Throughout it all, a formal accompaniment of thanks rings out from the seated line of matapules below the dais, hypnotic as the chime of bells. The sing-song lilt is taken up on the opposite side of the arena, echoing to and fro like the swoop of a flight of doves.
Four hours had melted away before the formal kava ceremony itself. With slow balletic arm-movements he kava-makers pounded, stirred, strained and finally squeezed out the milky mixture into the great wooden owl. Ve'ehala had told me this seated semi-dance was based on the movements of the female Tui Tonga of a thousand years ago who was spied upon by her courtiers as she dried herself after her swim in a forest pool. To me, the fantastical shapes of these high-priests of the Royal Kava Ceremony, their heads and shoulders framed in fan-shaped ruffs of matting, suggested Oriental or Byzantine scenes. Then immediately after, with the formal speeches of noble allegiances to the Crown, one was transported to medieval England and Shakespeare.
Suddenly it was dark, or about to become so. The pine trees, chapel spire, and carved verandahs, turned to filagree against a lilac-coloured sky. The star of Venus and the strings of fairy-lights sprang out through the mist as if switched on by the same invisible hand.
Equally suddenly, realization dawned that no arrangements had been made for the ceremonies to continue during the hours of darkness. A flurry of Tongan improvisation began. An old lorry roared down the lane. A horde of youths leaped out and tore round in circles with lengths of cable, draping them over trees and pavilions, screwing in electric light bulbs at random. The Kings's brother, Prince Tuipelehake could be glimpsed in consultation with a bevy of courtiers.
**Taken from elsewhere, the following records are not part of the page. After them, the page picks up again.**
(* Let $0<r_j<\infty$ and $0<s_j<\infty$ for $j=1,\dots,n$, let $\rho=\otimes_{j=1}^n\gamma(r_j)$ and $\sigma=\otimes_{j=1}^n\gamma(s_j)$. Let $\alpha>1$ and let $V_{\sigma(\alpha-1)}$ and $V_{\rho(\alpha)}$ denote the covariance matrices of the gaussian states $\sigma^{\alpha-1}/\operatorname{tr}\sigma^{\alpha-1}$ and $\rho^\alpha/\operatorname{tr}\rho^\alpha$ respectively. Then $$V_{\sigma(\alpha-1)}>V_{\rho(\alpha)}\iff\alpha<\min\left\{\frac{s_j}{s_j-r_j}: j\in\{1,\dots,n\}\text{ such that } r_j<s_j\right\},$$ where the minimum of the empty set is $+\infty$.
   Context: One-mode Fock space: $\ell^2(\mathbb{Z}_{\ge 0})$ with orthonormal particle basis $\{|k\rangle\}$; $n$-mode space is the $n$-fold tensor product. For $0<s<\infty$, $\gamma(s)=(1-e^{-s})\sum_{k\ge0}e^{-ks}|k\rangle\langle k|$. For $\beta>0$, $\gamma(\mathbf{s})^\beta/\operatorname{tr}\gamma(\mathbf{s})^\beta=\otimes_j\gamma(\beta s_j)$, and the covariance matrix of the gaussian state $\otimes_j\gamma(t_j)$ is the $2n\times 2n$ matrix $\frac12\operatorname{diag}(\coth\frac{t_1}{2},\dots,\coth\frac{t_n}{2})\otimes I_2$. For real symmetric matrices, $A>B$ means $A-B$ is positive definite. *)

theory Defs
  imports "HOL-Analysis.Analysis"
begin

definition coth :: "real \<Rightarrow> real" where
  "coth x = cosh x / sinh x"

definition diag_mat :: "('n::finite \<Rightarrow> real) \<Rightarrow> real^'n^'n" where
  "diag_mat d = (\<chi> i j. if i = j then d i else 0)"

definition kron :: "real^'n^'n \<Rightarrow> real^'k^'k \<Rightarrow> real^('n \<times> 'k)^('n \<times> 'k)" where
  "kron A B = (\<chi> p q. (A $ fst p $ fst q) * (B $ snd p $ snd q))"

(* covariance matrix of the n-mode gaussian state \<otimes>_j \<gamma>(t_j):
   (1/2) diag(coth(t_1/2),...,coth(t_n/2)) \<otimes> I_2, a 2n x 2n matrix *)
definition cov_gamma :: "('n::finite \<Rightarrow> real) \<Rightarrow> real^('n \<times> 2)^('n \<times> 2)" where
  "cov_gamma t = kron (diag_mat (\<lambda>j. (1/2) * coth (t j / 2))) (mat 1 :: real^2^2)"

definition pos_def :: "real^'m^'m \<Rightarrow> bool" where
  "pos_def M \<longleftrightarrow> (\<forall>x. x \<noteq> 0 \<longrightarrow> x \<bullet> (M *v x) > 0)"

definition mat_gt :: "real^'m^'m \<Rightarrow> real^'m^'m \<Rightarrow> bool" where
  "mat_gt A B \<longleftrightarrow> pos_def (A - B)"

end

theory Submission
  imports Defs
begin

(* The covariance matrix of a product of thermal states is diagonal with entries
   coth(t_j/2)/2, and coth is strictly decreasing on (0,\<infinity>).  Hence the matrix inequality
   holds iff (\<alpha> - 1) s_j < \<alpha> r_j for every mode j, which is automatic when s_j \<le> r_j and
   amounts to \<alpha> < s_j/(s_j - r_j) when r_j < s_j. *)

lemma coth_eq_1_plus: "x \<noteq> 0 \<Longrightarrow> coth x = 1 + 2 / (exp (2 * x) - 1)"
proof -
  assume "x \<noteq> 0"
  define e where "e = exp x"
  have "0 < e" and "e * e \<noteq> 1" and "exp (2 * x) = e * e"
    using \<open>x \<noteq> 0\<close> by (auto simp: e_def simp flip: exp_add)
  then show ?thesis
    unfolding coth_def sinh_def cosh_def exp_minus e_def[symmetric] by (simp add: field_simps)
qed

lemma coth_less_coth_iff: "0 < a \<Longrightarrow> 0 < b \<Longrightarrow> coth b < coth a \<longleftrightarrow> a < b"
proof -
  assume "0 < a" "0 < b"
  then have pos: "0 < exp (2 * a) - 1" "0 < exp (2 * b) - 1"
    by auto
  have "coth b < coth a \<longleftrightarrow> 2 / (exp (2 * b) - 1) < 2 / (exp (2 * a) - 1)"
    using \<open>0 < a\<close> \<open>0 < b\<close> by (simp add: coth_eq_1_plus)
  also have "\<dots> \<longleftrightarrow> exp (2 * a) - 1 < exp (2 * b) - 1"
    using pos by (simp add: field_simps)
  finally show ?thesis
    by simp
qed

lemma diag_mat_diff: "diag_mat a - diag_mat b = diag_mat (\<lambda>j. a j - b j)"
  unfolding diag_mat_def by (simp add: vec_eq_iff)

lemma kron_diff_left: "kron A C - kron B C = kron (A - B) C"
  unfolding kron_def by (simp add: vec_eq_iff left_diff_distrib)

lemma kron_diag_mat_id_mult_vec:
  fixes d :: "'n::finite \<Rightarrow> real" and x :: "real^('n \<times> 'k::finite)"
  shows "kron (diag_mat d) (mat 1 :: real^'k^'k) *v x = (\<chi> p. d (fst p) * x $ p)"
proof -
  have "(if fst p = fst q then d (fst p) else 0) * (if snd p = snd q then 1 else 0) * x $ q
      = (if q = p then d (fst p) * x $ p else 0)" for p q :: "'n \<times> 'k"
    by (cases p; cases q; auto)
  then show ?thesis
    unfolding matrix_vector_mult_def kron_def diag_mat_def mat_def by (simp add: vec_eq_iff)
qed

lemma quadratic_form_kron_diag_mat_id:
  fixes d :: "'n::finite \<Rightarrow> real" and x :: "real^('n \<times> 'k::finite)"
  shows "x \<bullet> (kron (diag_mat d) (mat 1 :: real^'k^'k) *v x) = (\<Sum>p\<in>UNIV. d (fst p) * (x $ p)\<^sup>2)"
  by (simp add: kron_diag_mat_id_mult_vec inner_vec_def power2_eq_square mult_ac)

lemma pos_def_kron_diag_mat_id_iff:
  fixes d :: "'n::finite \<Rightarrow> real"
  shows "pos_def (kron (diag_mat d) (mat 1 :: real^'k::finite^'k)) \<longleftrightarrow> (\<forall>j. 0 < d j)"
proof
  assume pd: "pos_def (kron (diag_mat d) (mat 1 :: real^'k^'k))"
  show "\<forall>j. 0 < d j"
  proof
    fix j and k :: 'k
    define x :: "real^('n \<times> 'k)" where "x = axis (j, k) 1"
    have "x \<noteq> 0"
      by (simp add: x_def axis_eq_0_iff)
    then have "0 < (\<Sum>p\<in>UNIV. d (fst p) * (x $ p)\<^sup>2)"
      using pd by (simp add: pos_def_def quadratic_form_kron_diag_mat_id)
    also have "(\<Sum>p\<in>UNIV. d (fst p) * (x $ p)\<^sup>2) = (\<Sum>p\<in>UNIV. if p = (j, k) then d j else 0)"
      by (rule sum.cong) (auto simp: x_def axis_def)
    finally show "0 < d j"
      by simp
  qed
next
  assume pos: "\<forall>j. 0 < d j"
  show "pos_def (kron (diag_mat d) (mat 1 :: real^'k^'k))"
    unfolding pos_def_def quadratic_form_kron_diag_mat_id
  proof (intro allI impI)
    fix x :: "real^('n \<times> 'k)"
    assume "x \<noteq> 0"
    then obtain p where "x $ p \<noteq> 0"
      by (metis vec_eq_iff zero_index)
    then have "0 < d (fst p) * (x $ p)\<^sup>2"
      using pos by simp
    also have "\<dots> \<le> (\<Sum>q\<in>UNIV. d (fst q) * (x $ q)\<^sup>2)"
      by (rule member_le_sum) (use pos in \<open>auto simp: less_imp_le\<close>)
    finally show "0 < (\<Sum>q\<in>UNIV. d (fst q) * (x $ q)\<^sup>2)" .
  qed
qed

lemma mat_gt_cov_gamma_iff:
  assumes "\<And>j. 0 < a j" and "\<And>j. 0 < b j"
  shows "mat_gt (cov_gamma a) (cov_gamma b) \<longleftrightarrow> (\<forall>j. a j < b j)"
proof -
  have "coth (b j / 2) < coth (a j / 2) \<longleftrightarrow> a j < b j" for j
    using coth_less_coth_iff[of "a j / 2" "b j / 2"] assms by simp
  then show ?thesis
    unfolding mat_gt_def cov_gamma_def kron_diff_left diag_mat_diff pos_def_kron_diag_mat_id_iff
    by simp
qed

lemma diff_one_mult_less_mult_iff:
  fixes \<alpha> r s :: real
  assumes "0 < r" and "0 < s" and "1 < \<alpha>"
  shows "(\<alpha> - 1) * s < \<alpha> * r \<longleftrightarrow> (r < s \<longrightarrow> \<alpha> < s / (s - r))"
proof (cases "r < s")
  case True
  then show ?thesis
    by (simp add: less_divide_eq algebra_simps)
next
  case False
  have "(\<alpha> - 1) * s < \<alpha> * s"
    using assms by (simp add: algebra_simps)
  also have "\<dots> \<le> \<alpha> * r"
    using False assms by simp
  finally have "(\<alpha> - 1) * s < \<alpha> * r" .
  with False show ?thesis
    by simp
qed

lemma ereal_less_INF_finite_iff:
  fixes f :: "'a \<Rightarrow> real"
  assumes "finite S"
  shows "ereal a < (INF j\<in>S. ereal (f j)) \<longleftrightarrow> (\<forall>j\<in>S. a < f j)"
proof (cases "S = {}")
  case True
  then show ?thesis
    by (simp add: top_ereal_def)
next
  case False
  then show ?thesis
    using assms by (simp add: finite_less_Inf_iff)
qed

theorem lemma3p5:
  fixes r s :: "'n::finite \<Rightarrow> real" and \<alpha> :: real
  assumes "\<And>j. 0 < r j" and "\<And>j. 0 < s j" and "1 < \<alpha>"
  shows "mat_gt (cov_gamma (\<lambda>j. (\<alpha> - 1) * s j)) (cov_gamma (\<lambda>j. \<alpha> * r j))
     \<longleftrightarrow> ereal \<alpha> < (INF j \<in> {j. r j < s j}. ereal (s j / (s j - r j)))"
proof -
  have "mat_gt (cov_gamma (\<lambda>j. (\<alpha> - 1) * s j)) (cov_gamma (\<lambda>j. \<alpha> * r j))
      \<longleftrightarrow> (\<forall>j. (\<alpha> - 1) * s j < \<alpha> * r j)"
    using assms by (intro mat_gt_cov_gamma_iff) auto
  also have "\<dots> \<longleftrightarrow> (\<forall>j\<in>{j. r j < s j}. \<alpha> < s j / (s j - r j))"
    using diff_one_mult_less_mult_iff assms by auto
  also have "\<dots> \<longleftrightarrow> ereal \<alpha> < (INF j \<in> {j. r j < s j}. ereal (s j / (s j - r j)))"
    by (simp add: ereal_less_INF_finite_iff)
  finally show ?thesis .
qed

end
Amidst much arm-waving and running to and fro, the Royal car glided across the green, and its headlights were switched towards the Royal dais; Where all had been rigid immobility, marked by the watchful guards, an enjoyable panic now reigned. In the midst of it all the King's name was heard called by the herald, the first royal sip taken from the sacred cup. The solemn moment of climax over and done with, all that remained was the ritual passage of the cup from noble to noble, as the eerie voice of the chief kava-maker called out each name in turn - 'take it to ...' and each the cup-bearer made his stately progress back and forth between the bowl and the intently-watching circle.
This, in fact, took another three hours. when I went home, halfway through in the chilly dark, it was to find the family circle gathered around the radio, following the noble roll-call with the same avidity. By the time Tu'vakano arrived back he was stiff with cold, swathed in his old camel coat. He leaned on his ancestral staff to deliver his list of complaints about the length of the ceremonies. for once he took the glass of hot whisky I handed to him without formal protest.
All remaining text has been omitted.